The real operation data of city X in sanitation work is used as the data set to conduct the comparative experiment. The results show that the proposed scheme greatly reduces the driving distance of vehicles in garbage collection and transportation and the number of garbage vehicles put into use and greatly improves the utilization rate of the vehicle carrying capacity. The IHAC algorithm and GCPP algorithm can obtain better solutions and convergence speed. The method IHAC-GCPP enables the intelligent route planning of vehicles in garbage collection and transportation and the allocation of garbage according to the disposal capacity, and garbage excess events no longer occur. It can be seen from the comparison of the results that, in the established evaluation index system, our method IHAC-GCPP is superior to other methods in the performance of each evaluation index.

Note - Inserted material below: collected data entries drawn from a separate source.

(* Let $a_{12},a_{13},a_{23}\in C^\infty(\mathbb{R}^3)$ be nowhere-vanishing and suppose that $$\partial_1\!\left(\frac{a_{12}}{a_{13}}\right)=\partial_2\!\left(\frac{a_{12}}{a_{23}}\right)=\partial_3\!\left(\frac{a_{13}}{a_{23}}\right)=0 .$$ Then $F_1=a_{12}\,\partial_1\smile\partial_2+a_{13}\,\partial_1\smile\partial_3+a_{23}\,\partial_2\smile\partial_3$ is quasibasic: there exist smooth functions $f_1,f_2,f_3$, with $f_i$ depending only on $x_i$, and a smooth function $\varphi$ on $\mathbb{R}^3$ such that $a_{12}=\varphi f_1f_2$, $a_{13}=\varphi f_1f_3$, $a_{23}=\varphi f_2f_3$.
   Context: $\partial_i=\partial/\partial x_i$ on $C^\infty(\mathbb{R}^3)$ and $(f\smile g)(a,b)=f(a)g(b)$. An infinitesimal deformation of $C^\infty(\mathbb{R}^3)$ is called quasibasic if it equals $\varphi$ times a basic one, where a basic infinitesimal has the form $\sum_{i<j}c_{ij}f_i\partial_i\smile f_j\partial_j$ with real constants $c_{ij}$ and each $f_i$ a smooth function of $x_i$ alone. *)

theory Defs
  imports "HOL-Analysis.Analysis"
begin

definition partial :: "'n::finite \<Rightarrow> (real^'n \<Rightarrow> real) \<Rightarrow> real^'n \<Rightarrow> real" where
  "partial i g x = deriv (\<lambda>t. g (x + t *\<^sub>R axis i 1)) 0"

fun iter_partial :: "'n::finite list \<Rightarrow> (real^'n \<Rightarrow> real) \<Rightarrow> real^'n \<Rightarrow> real" where
  "iter_partial [] g = g"
| "iter_partial (i # is) g = partial i (iter_partial is g)"

definition smooth :: "(real^'n::finite \<Rightarrow> real) \<Rightarrow> bool" where
  "smooth g \<longleftrightarrow> (\<forall>is. continuous_on UNIV (iter_partial is g) \<and>
      (\<forall>i x. (\<lambda>t. iter_partial is g (x + t *\<^sub>R axis i 1)) differentiable (at 0)))"

definition smooth1 :: "(real \<Rightarrow> real) \<Rightarrow> bool" where
  "smooth1 f \<longleftrightarrow> (\<forall>n x. (deriv ^^ n) f differentiable (at x))"

end

theory Submission
  imports Defs
begin

text \<open>
  The ratios \<open>u = a12/a13\<close>, \<open>w = a13/a23\<close> and \<open>u w = a12/a23\<close> do not depend on
  \<open>x1\<close>, \<open>x3\<close> and \<open>x2\<close> respectively. Eliminating variables from
  \<open>u(x2,x3) w(x1,x2) = (u w)(x1,x3)\<close> gives \<open>w = w(x1,0,0) w(0,x2,0) / w(0)\<close> and
  \<open>u = u(0,0,x3) w(0) / w(0,x2,0)\<close>, so \<open>f1 = w(\<cdot>,0,0)\<close>, \<open>f2 = w(0) / w(0,\<cdot>,0)\<close>,
  \<open>f3 = 1 / u(0,0,\<cdot>)\<close> and \<open>\<phi> = a23 / (f2 f3)\<close> work. These are smooth because the
  functions built from smooth ones by sums, products, inverses and composition with a
  coordinate projection form a class closed under partial derivatives.
\<close>

lemma iter_partial_append: "iter_partial (is @ js) g = iter_partial is (iter_partial js g)"
  by (induction "is") auto

lemma smooth_partial: "smooth g \<Longrightarrow> smooth (partial i g)"
  unfolding smooth_def using iter_partial_append[of _ "[i]" g] by (metis iter_partial.simps)

definition line_differentiable :: "(real^'n::finite \<Rightarrow> real) \<Rightarrow> bool" where
  "line_differentiable g \<longleftrightarrow> (\<forall>i x. (\<lambda>t. g (x + t *\<^sub>R axis i 1)) differentiable (at 0))"

lemma smooth_imp_continuous: "smooth g \<Longrightarrow> continuous_on UNIV g"
  unfolding smooth_def by (metis iter_partial.simps(1))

This work is helpful to promote innovation in the field of garbage collection and transportation. It can guide urban sanitation departments and provide decision support for scientific and intelligent collection and transportation of garbage.
This paper took the related factors such as distance and garbage amount constraints into account in the garbage collection and transportation planning model. However, due to the lack of road network data and road feature data, the actual road distance is not applied when considering the driving distance, some of which have not been considered further, such as road traffic state. In future work, these factors can be considered in the model to improve the robustness of the model further.
Data Availability
Data will be made available upon request to the corresponding author.
Conflicts of Interest
The authors declare that there are no conflicts of interest regarding the publication of this paper.
Acknowledgments
This work was financially supported by the National Key R&D Program of China (no. 2018YFB1800705) and the National Key Research and Development Project (no. 2020B1111370001).